Plaintiff had shoulder surgery with implantation of defendants’ device.  Thereafter plaintiff suffered a recurring infection from “Enterobacter” bacteria.  The infection was resistant to antibiotics and eventually necessitated surgical removal of the device.  Id. at *2-3.  Shortly before the explant surgery, defendants received an FDA Warning Letter advising that an inspection performed 2 years after plaintiff’s device was manufactured revealed some regulation violations regarding cleaning and sterilization.  Almost one year after the explant surgery, defendants voluntarily recalled several products due to issues with a supplier’s quality standards.  The recall letter noted some possibility of increased bacterial endotoxin, but “there is not an elevated risk of infection as the sterility of the devices is not impacted.”  Id. at *4.  Against this background, plaintiff filed his lawsuit alleging manufacturing defect, design defect, warning defect, and express warranty under the Louisiana Products Liability Act, and a common law claim for redhibition.

On the manufacturing defect claim, plaintiff had to show what the defendants’ specifications or performance standards are and how the product at issue deviated from those standards to make the product unreasonably dangerous.  Id. at *9.  To meet his burden, plaintiff relied on his expert and the FDA Warning Letter.  First, plaintiff’s expert did not test the device nor had ever seen defendants’ specifications or performance standards.  His opinions were based exclusively on the FDA Warning Letter and voluntary recall.  Second, the court tossed the voluntary recall as inadmissible evidence of a remedial measure under.  While in some circumstances an expert may be permitted to rely on inadmissible evidence, “allowing [plaintiff’s expert] to opine to a jury as an expert that the Device had a manufacturing defect based on Defendants’ recall would undermine the very purpose of Rule 407.”  Id. at *10.  Third, at most the FDA Warning Letter found defendants failed to meet certain regulatory standards.  What it does not do is provide any evidence to support any argument about the specific device implanted in plaintiff.  Notably, none of the FDA’s observations pertained even to the type of device at issue nor referenced Enterobacter being located on any of defendants’ devices.  Id. at *12.  At best plaintiff has general evidence from which he hopes “a jury will extrapolate” to find the device implanted in plaintiff had been contaminated with the bacteria that caused his infection.  But that “leap of logic” is insufficient to carry plaintiff’s burden of proof.  Id. at *15.

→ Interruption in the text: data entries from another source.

lemma length_upto_Cauchy_at_left:
  assumes "rectifiable_path g" "0 < s" "s \<le> 1" "e > 0"
  obtains t0 where "0 \<le> t0" "t0 < s" "\<And>t. t0 \<le> t \<Longrightarrow> t < s \<Longrightarrow> length_upto g t - length_upto g t0 < e"
proof -
  define \<Lambda> where "\<Lambda> = Sup (length_upto g ` {0..<s})"
  obtain M where M: "\<And>n t s. s \<le> 1 \<Longrightarrow> ordered_in 0 s n t \<Longrightarrow> chord_sum g n t \<le> M"
    using rectifiable_pathE[OF assms(1)] by blast
  have "length_upto g t \<le> M" if "0 \<le> t" "t < s" for t
    using that assms(3) M[of t] by (intro length_upto_least) auto
  then have bdd: "bdd_above (length_upto g ` {0..<s})"
    by (intro bdd_aboveI) auto
  have "\<Lambda> - e < \<Lambda>"
    using assms(4) by simp
  then obtain t0 where t0: "0 \<le> t0" "t0 < s" "\<Lambda> - e < length_upto g t0"
    unfolding \<Lambda>_def using less_cSup_iff[OF _ bdd] assms(2) by auto
  have upper: "length_upto g t \<le> \<Lambda>" if "0 \<le> t" "t < s" for t
    unfolding \<Lambda>_def using that by (intro cSup_upper bdd) auto
  have "length_upto g t - length_upto g t0 < e" if "t0 \<le> t" "t < s" for t
    using upper[of t] that t0 by linarith
  with t0(1,2) show ?thesis
    using that by blast
qed

section \<open>Lifting rectifiable paths\<close>

definition expanding_at :: "real \<Rightarrow> ('a::metric_space \<Rightarrow> 'b::metric_space) \<Rightarrow> 'a \<Rightarrow> bool" where
  "expanding_at c f x \<longleftrightarrow> (\<exists>e>0. \<forall>z. dist z x < e \<longrightarrow> c * dist z x \<le> dist (f z) (f x))"

lemma lower_deriv_gt_imp_expanding_at:
  assumes "ereal c < lower_deriv f x"
  shows "expanding_at c f x"
proof -
  have "\<forall>\<^sub>F z in at x. ereal c < ereal (dist (f z) (f x) / dist z x)"
    using less_LiminfD[OF assms[unfolded lower_deriv_def]] by simp
  then obtain e where "e > 0" and e: "\<And>z. z \<noteq> x \<Longrightarrow> dist z x < e \<Longrightarrow> c < dist (f z) (f x) / dist z x"
    unfolding eventually_at by auto
  have "c * dist z x \<le> dist (f z) (f x)" if "dist z x < e" for z
  proof (cases "z = x")
    case False
    then show ?thesis
      using e[OF False that] by (simp add: pos_less_divide_eq less_imp_le)
  qed simp
  then show ?thesis
    unfolding expanding_at_def using \<open>e > 0\<close> by blast
qed

lemma expanding_over_bounded:
  fixes f :: "'a::metric_space \<Rightarrow> 'b::metric_space"
  assumes deriv: "\<And>B::'a set. bounded B \<Longrightarrow> (INF x\<in>B. lower_deriv f x) > 0"
    and proper: "\<exists>y0 x0. \<forall>M. \<exists>R. \<forall>x. dist x x0 > R \<longrightarrow> dist (f x) y0 > M"
    and "bounded K"
  obtains c where "c > 0" "\<And>x. f x \<in> K \<Longrightarrow> expanding_at c f x"
proof -
  obtain y0 x0 where proper0: "\<And>M. \<exists>R. \<forall>x. dist x x0 > R \<longrightarrow> dist (f x) y0 > M"
    using proper by blast
  obtain M where M: "\<And>y. y \<in> K \<Longrightarrow> dist y0 y \<le> M"
    using \<open>bounded K\<close> unfolding bounded_any_center[where a=y0] by blast
  obtain R where R: "\<And>x. dist x x0 > R \<Longrightarrow> dist (f x) y0 > M"
    using proper0 by blast
  have over_K: "x \<in> cball x0 R" if "f x \<in> K" for x
    using R[of x] M[OF that] by (force simp: dist_commute)
  have "(INF x\<in>cball x0 R. lower_deriv f x) > 0"
    using deriv by simp
  then obtain c where "0 < ereal c" and c: "ereal c < (INF x\<in>cball x0 R. lower_deriv f x)"
    using ereal_dense2 by blast
  have "expanding_at c f x" if "f x \<in> K" for x
    using less_INF_D[OF c over_K[OF that]] by (rule lower_deriv_gt_imp_expanding_at)
  with \<open>0 < ereal c\<close> show ?thesis
    using that by simp
qed

definition is_lift :: "('a::topological_space \<Rightarrow> 'b) \<Rightarrow> (real \<Rightarrow> 'b) \<Rightarrow> 'a \<Rightarrow> real \<Rightarrow> (real \<Rightarrow> 'a) \<Rightarrow> bool" where
  "is_lift f g x s p \<longleftrightarrow> continuous_on {0..s} p \<and> p 0 = x \<and> (\<forall>t\<in>{0..s}. f (p t) = g t)"

lemma is_lift_restrict: "is_lift f g x u p \<Longrightarrow> 0 \<le> t \<Longrightarrow> t \<le> u \<Longrightarrow> is_lift f g x t p"
  unfolding is_lift_def by (auto intro: continuous_on_subset)

lemma is_lift_unique:
  fixes f :: "'a::metric_space \<Rightarrow> 'b::topological_space"
  assumes "local_homeo f" "is_lift f g x s p" "is_lift f g x s q" "t \<in> {0..s}"
  shows "p t = q t"
  using assms unfolding is_lift_def
  by (intro local_homeo_lift_unique[of f "{0..s}" p q 0 t]) auto

lemma is_lift_reverse:
  assumes "is_lift f g x 1 p"
  shows "is_lift f (\<lambda>t. g (1 - t)) (p 1) 1 (\<lambda>t. p (1 - t))"
proof -
  have "continuous_on {0..1} p"
    using assms by (simp add: is_lift_def)
  then have "continuous_on {0..1} (\<lambda>t. p (1 - t))"
    by (rule continuous_on_compose2) (auto intro!: continuous_intros)
  then show ?thesis
    using assms by (auto simp: is_lift_def)
qed

lemma is_lift_glue:
  fixes f :: "'a::metric_space \<Rightarrow> 'b::topological_space"
  assumes "local_homeo f" and lifts: "\<And>u. 0 \<le> u \<Longrightarrow> u < s \<Longrightarrow> \<exists>p. is_lift f g x u p"
  obtains q where "\<And>u. 0 \<le> u \<Longrightarrow> u < s \<Longrightarrow> is_lift f g x u q"
proof -
  define P where "P u = (SOME p. is_lift f g x u p)" for u
  have P: "is_lift f g x u (P u)" if "0 \<le> u" "u < s" for u
    using lifts[OF that] someI_ex unfolding P_def by metis
  define q where "q t = P t t" for t
  have "is_lift f g x u q" if "0 \<le> u" "u < s" for u
  proof -
    have "q t = P u t" if t: "t \<in> {0..u}" for t
    proof -
      have "is_lift f g x t (P u)" "is_lift f g x t (P t)"
        using is_lift_restrict[OF P] P t \<open>u < s\<close> by auto
      then show ?thesis
        unfolding q_def using is_lift_unique[OF assms(1)] t by simp
    qed
    then show ?thesis
      using P[OF that] that(1) unfolding is_lift_def by (auto intro: continuous_on_eq)
  qed
  then show ?thesis
    using that by blast
qed

lemma real_induct:
  fixes a b :: real
  assumes "a \<le> b" and base: "P a"
    and closed: "\<And>s. a < s \<Longrightarrow> s \<le> b \<Longrightarrow> (\<And>u. a \<le> u \<Longrightarrow> u < s \<Longrightarrow> P u) \<Longrightarrow> P s"
    and step: "\<And>s. a \<le> s \<Longrightarrow> s < b \<Longrightarrow> (\<And>u. a \<le> u \<Longrightarrow> u \<le> s \<Longrightarrow> P u) \<Longrightarrow>
                 \<exists>d>0. \<forall>u. s < u \<and> u < s + d \<longrightarrow> P u"
  shows "P b"
proof -
  define A where "A = {s. a \<le> s \<and> s \<le> b \<and> (\<forall>u. a \<le> u \<and> u \<le> s \<longrightarrow> P u)}"
  define S where "S = Sup A"
  have "a \<in> A"
    using \<open>a \<le> b\<close> base by (auto simp: A_def)
  have bdd: "bdd_above A"
    unfolding A_def by (rule bdd_aboveI[of _ b]) auto
  have "a \<le> S"
    unfolding S_def using \<open>a \<in> A\<close> bdd by (rule cSup_upper)
  have "S \<le> b"
    unfolding S_def using \<open>a \<in> A\<close> by (intro cSup_least) (auto simp: A_def)
  have below: "P u" if "a \<le> u" "u < S" for u
  proof -
    obtain s where "s \<in> A" "u < s"
      using less_cSupD[of A u] \<open>a \<in> A\<close> \<open>u < S\<close> S_def by blast
    then show ?thesis
      using that by (auto simp: A_def)
  qed
  have upto: "P u" if "a \<le> u" "u \<le> S" for u
  proof (cases "u = S")
    case True
    then show ?thesis
      using closed[OF _ \<open>S \<le> b\<close> below] base \<open>a \<le> S\<close> that(1) by force
  qed (use below that in auto)
  have "S = b"
  proof (rule ccontr)
    assume "S \<noteq> b"
    with \<open>S \<le> b\<close> have "S < b" by simp
    then obtain d where d: "d > 0" "\<And>u. S < u \<Longrightarrow> u < S + d \<Longrightarrow> P u"
      using step[OF \<open>a \<le> S\<close> _ upto] by blast
    define u where "u = min (S + d/2) b"
    have "u \<in> A"
      unfolding A_def
    proof (intro CollectI conjI allI impI)
      show "a \<le> u" "u \<le> b"
        using \<open>a \<le> S\<close> \<open>S < b\<close> d(1) by (auto simp: u_def)
      fix v assume "a \<le> v \<and> v \<le> u"
      then show "P v"
        using upto d by (cases "v \<le> S") (auto simp: u_def)
    qed
    then have "u \<le> S"
      unfolding S_def using bdd by (rule cSup_upper)
    moreover have "S < u"
      using \<open>S < b\<close> d(1) by (simp add: u_def)
    ultimately show False by simp
  qed
  then show ?thesis
    using upto \<open>a \<le> S\<close> by simp
qed

lemma dist_lift_le_length:
  fixes p :: "real \<Rightarrow> 'a::metric_space"
  assumes g: "rectifiable_path g" and ab: "0 \<le> a" "a \<le> b" "b \<le> 1" and "0 \<le> c"
    and p: "continuous_on {a..b} p" and lift: "\<And>t. t \<in> {a..b} \<Longrightarrow> f (p t) = g t"
    and expanding: "\<And>t. t \<in> {a..b} \<Longrightarrow> expanding_at c f (p t)"
  shows "c * dist (p a) (p b) \<le> length_upto g b - length_upto g a"
proof (rule real_induct[OF ab(2), where P="\<lambda>u. c * dist (p a) (p u) \<le> length_upto g u - length_upto g a"])
  fix s assume s: "a < s" "s \<le> b"
    and IH: "\<And>u. a \<le> u \<Longrightarrow> u < s \<Longrightarrow> c * dist (p a) (p u) \<le> length_upto g u - length_upto g a"
  have "continuous_on (closure {a..<s}) (\<lambda>u. c * dist (p a) (p u))"
    using s by (auto intro!: continuous_intros continuous_on_subset[OF p])
  moreover have "c * dist (p a) (p u) \<le> length_upto g s - length_upto g a" if "u \<in> {a..<s}" for u
    using IH[of u] length_upto_mono[OF g, of u s] that s ab by auto
  ultimately show "c * dist (p a) (p s) \<le> length_upto g s - length_upto g a"
    using continuous_le_on_closure[of "{a..<s}" "\<lambda>u. c * dist (p a) (p u)" s] s by simp
next
  fix s assume s: "a \<le> s" "s < b"
    and IH: "\<And>u. a \<le> u \<Longrightarrow> u \<le> s \<Longrightarrow> c * dist (p a) (p u) \<le> length_upto g u - length_upto g a"
  obtain e where "e > 0" and e: "\<And>z. dist z (p s) < e \<Longrightarrow> c * dist z (p s) \<le> dist (f z) (f (p s))"
    using expanding[of s] s unfolding expanding_at_def by auto
  obtain d where "d > 0" and d: "\<And>u. u \<in> {a..b} \<Longrightarrow> dist u s < d \<Longrightarrow> dist (p u) (p s) < e"
    using p[unfolded continuous_on_iff] s \<open>e > 0\<close> by (metis atLeastAtMost_iff less_imp_le)
  have "c * dist (p a) (p u) \<le> length_upto g u - length_upto g a" if u: "s < u" "u < s + min d (b - s)" for u
  proof -
    have "u \<in> {a..b}" "s \<in> {a..b}" "dist u s < d"
      using s u by (auto simp: dist_real_def)
    then have "c * dist (p u) (p s) \<le> dist (f (p u)) (f (p s))"
      using d e by blast
    then have "c * dist (p u) (p s) \<le> dist (g u) (g s)"
      using lift \<open>u \<in> {a..b}\<close> \<open>s \<in> {a..b}\<close> by simp
    then have "c * dist (p s) (p u) \<le> dist (g s) (g u)"
      by (simp add: dist_commute)
    moreover have "length_upto g s + dist (g s) (g u) \<le> length_upto g u"
      using ab s u by (intro length_upto_add_dist[OF g]) auto
    moreover have "c * dist (p a) (p u) \<le> c * dist (p a) (p s) + c * dist (p s) (p u)"
      using \<open>0 \<le> c\<close> dist_triangle[of "p a" "p u" "p s"] by (simp add: distrib_left[symmetric] mult_left_mono)
    ultimately show ?thesis
      using IH[of s] s by linarith
  qed
  then show "\<exists>d>0. \<forall>u. s < u \<and> u < s + d \<longrightarrow> c * dist (p a) (p u) \<le> length_upto g u - length_upto g a"
    using \<open>d > 0\<close> s by (intro exI[of _ "min d (b - s)"]) auto
qed simp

On design defect plaintiff’s argument was even thinner.  The alleged design defect was failure to follow protocols for cleaning and sterilizing, which is a manufacturing claim not a design defect claim.  Nor did plaintiff offer any evidence of a safer alternative design.  So, plaintiff failed to meet his burden on this claim as well.  Id. at *16. 

Plaintiff’s warning claim was, of course, subject to the learned intermediary rule.  Plaintiff alleged that defendants failed to warn his surgeon “about the issues with cleaning, processing, and sterilizing” the devices.  Id. at *18.  But defendants are not required to warn physicians about “cleaning issues.”  Rather, they were required to warn about potential harms to plaintiff.  The potential harm in this case is the risk of infection; a risk plaintiff does not dispute his surgeon was warned about.  Again, summary judgment granted.

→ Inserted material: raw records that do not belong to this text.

lemma binomial_power_Suc:
  fixes Q :: "'a::comm_semiring_1"
  assumes "0 < r"
  shows "Q * (of_nat (m choose r) * Q ^ (m - r)) + of_nat (m choose (r - 1)) * Q ^ (m - (r - 1))
    = of_nat (Suc m choose r) * Q ^ (Suc m - r)"
proof -
  obtain s where r: "r = Suc s" using assms by (cases r) auto
  have "Q * (of_nat (m choose r) * Q ^ (m - r)) = of_nat (m choose r) * Q ^ (Suc m - r)"
  proof (cases "r \<le> m")
    case True
    then show ?thesis by (simp add: Suc_diff_le ac_simps)
  qed (simp add: binomial_eq_0)
  then show ?thesis by (simp add: r algebra_simps)
qed

lemma sum_box_weight_ordered_tails:
  fixes g :: "nat \<Rightarrow> nat \<Rightarrow> 'a::comm_semiring_1"
  assumes row_sum: "\<And>k. k \<in> {1..n} \<Longrightarrow> (\<Sum>i\<in>{1..n}. g i k) = Q"
    and k: "k \<in> {1..n}"
  shows "(\<Sum>u\<in>ordered_tails n k m. box_weight g k u) = of_nat (m choose (n - k)) * Q ^ (m - (n - k))"
  using k
proof (induction m arbitrary: k)
  case 0
  then show ?case by (auto simp: ordered_tails_0 binomial_eq_0)
next
  case (Suc m)
  have step: "(\<Sum>u\<in>ordered_tails n k (Suc m). box_weight g k u) =
    Q * (\<Sum>u\<in>ordered_tails n k m. box_weight g k u)
    + (\<Sum>u\<in>ordered_tails n (Suc k) m. box_weight g (Suc k) u)"
    using sum_box_weight_Suc[where g = g and n = n and k = k and m = m] row_sum[OF Suc.prems] by simp
  show ?case
  proof (cases "k = n")
    case True
    then have "ordered_tails n (Suc k) m = {}"
      using ordered_tail_le by (fastforce simp: ordered_tails_def)
    then show ?thesis
      unfolding step using True Suc.IH[of k] Suc.prems by simp
  next
    case False
    then have "n - Suc k = n - k - 1" "0 < n - k" "Suc k \<in> {1..n}" using Suc.prems by auto
    show ?thesis
      unfolding step Suc.IH[OF Suc.prems] Suc.IH[OF \<open>Suc k \<in> {1..n}\<close>] \<open>n - Suc k = n - k - 1\<close>
      by (rule binomial_power_Suc[OF \<open>0 < n - k\<close>])
  qed
qed

lemma wbox_const:
  fixes p q :: "'a::comm_ring_1"
  assumes "i \<in> {1..n}" "k \<in> {1..n}"
  shows "wbox n (\<lambda>_. p) (\<lambda>_. q) i k = p ^ (n - 1 - fdist n i k) * q ^ fdist n i k"
proof (cases "i \<le> k")
  case True
  then have "fdist n i k = k - i" "n - 1 - (k - i) = (i - 1) + (n - k)"
    using assms by (simp_all add: fdist_labels)
  then show ?thesis using True by (simp add: wbox_def power_add ac_simps)
next
  case False
  then have "fdist n i k = k + (n - i)" "n - 1 - (k + (n - i)) = i - k - 1"
    using assms by (simp_all add: fdist_labels)
  then show ?thesis using False by (simp add: wbox_def power_add ac_simps)
qed

lemma sum_wbox_const:
  fixes p q :: "'a::comm_ring_1"
  assumes "k \<in> {1..n}"
  shows "(\<Sum>i\<in>{1..n}. wbox n (\<lambda>_. p) (\<lambda>_. q) i k) = qint n p q"
  unfolding qint_def
proof (rule sum.reindex_bij_witness[where j = "\<lambda>i. fdist n i k"
      and i = "\<lambda>d. if d < k then k - d else k + n - d"])
  fix i assume i: "i \<in> {1..n}"
  have "fdist n i k = (if i \<le> k then k - i else k + n - i)" using fdist_labels[OF i assms] .
  then show "(if fdist n i k < k then k - fdist n i k else k + n - fdist n i k) = i"
    and "fdist n i k \<in> {..<n}"
    using i assms by auto
  show "p ^ (n - 1 - fdist n i k) * q ^ fdist n i k = wbox n (\<lambda>_. p) (\<lambda>_. q) i k"
    by (rule wbox_const[OF i assms, symmetric])
next
  fix d assume d: "d \<in> {..<n}"
  have i: "(if d < k then k - d else k + n - d) \<in> {1..n}" using d assms by auto
  then show "(if d < k then k - d else k + n - d) \<in> {1..n}" .
  show "fdist n (if d < k then k - d else k + n - d) k = d"
    using fdist_labels[OF i assms] d assms by auto
qed

theorem proposition4p9:
  fixes p q :: "'a::comm_ring_1" and L n :: nat
  assumes "1 \<le> n" and "n \<le> L"
  shows "Zpart L n (\<lambda>_. p) (\<lambda>_. q) = of_nat ((L - 1) choose (n - 1)) * qint n p q ^ (L - n)"
proof -
  let ?g = "wbox n (\<lambda>_. p) (\<lambda>_. q)"
  have "0 < L" using assms by simp
  have wt: "wt n (\<lambda>_. p) (\<lambda>_. q) (Bul 1 # u) = box_weight ?g 1 u" if "u \<in> ordered_tails n 1 (L - 1)" for u
  proof -
    interpret ordered_word n "Bul 1 # u" using that by unfold_locales (simp add: ordered_tails_def)
    show ?thesis using wt_eq_box_weight[of "\<lambda>_. p" "\<lambda>_. q"] by simp
  qed
  have "Zpart L n (\<lambda>_. p) (\<lambda>_. q) =
    (\<Sum>u\<in>ordered_tails n 1 (L - 1). wt n (\<lambda>_. p) (\<lambda>_. q) (Bul 1 # u))"
    unfolding Zpart_def Omega_first_Bul_eq[OF assms(1) \<open>0 < L\<close>] by (simp add: sum.reindex)
  also have "\<dots> = (\<Sum>u\<in>ordered_tails n 1 (L - 1). box_weight ?g 1 u)"
    using wt by (rule sum.cong[OF refl])
  also have "\<dots> = of_nat ((L - 1) choose (n - 1)) * qint n p q ^ (L - 1 - (n - 1))"
    using sum_box_weight_ordered_tails[OF sum_wbox_const, where k = 1 and m = "L - 1"] assms by simp
  also have "L - 1 - (n - 1) = L - n" using assms by simp
  finally show ?thesis .
qed

end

The court quickly did away with plaintiff’s express warranty claim for the simple reason that he could not identify any express warranty made to plaintiff.  Plaintiff could only argue that it was “common sense” for a patient to expect a device to be free from contamination.  But common sense is not a basis for an express warranty.  Id. at *19-20. 

That left only the redhibition claim.  In Louisiana, a seller warrants against redhibitory defects.  To make a claim for redhibition plaintiff must show that the product was defective.  And since plaintiff did not offer anything different in support of this defect claim, it met the same fate as his defective design claim. 

I guess we can thank the Fifth Circuit for remanding the case and creating the opportunity for this excellent substantive win for the defense.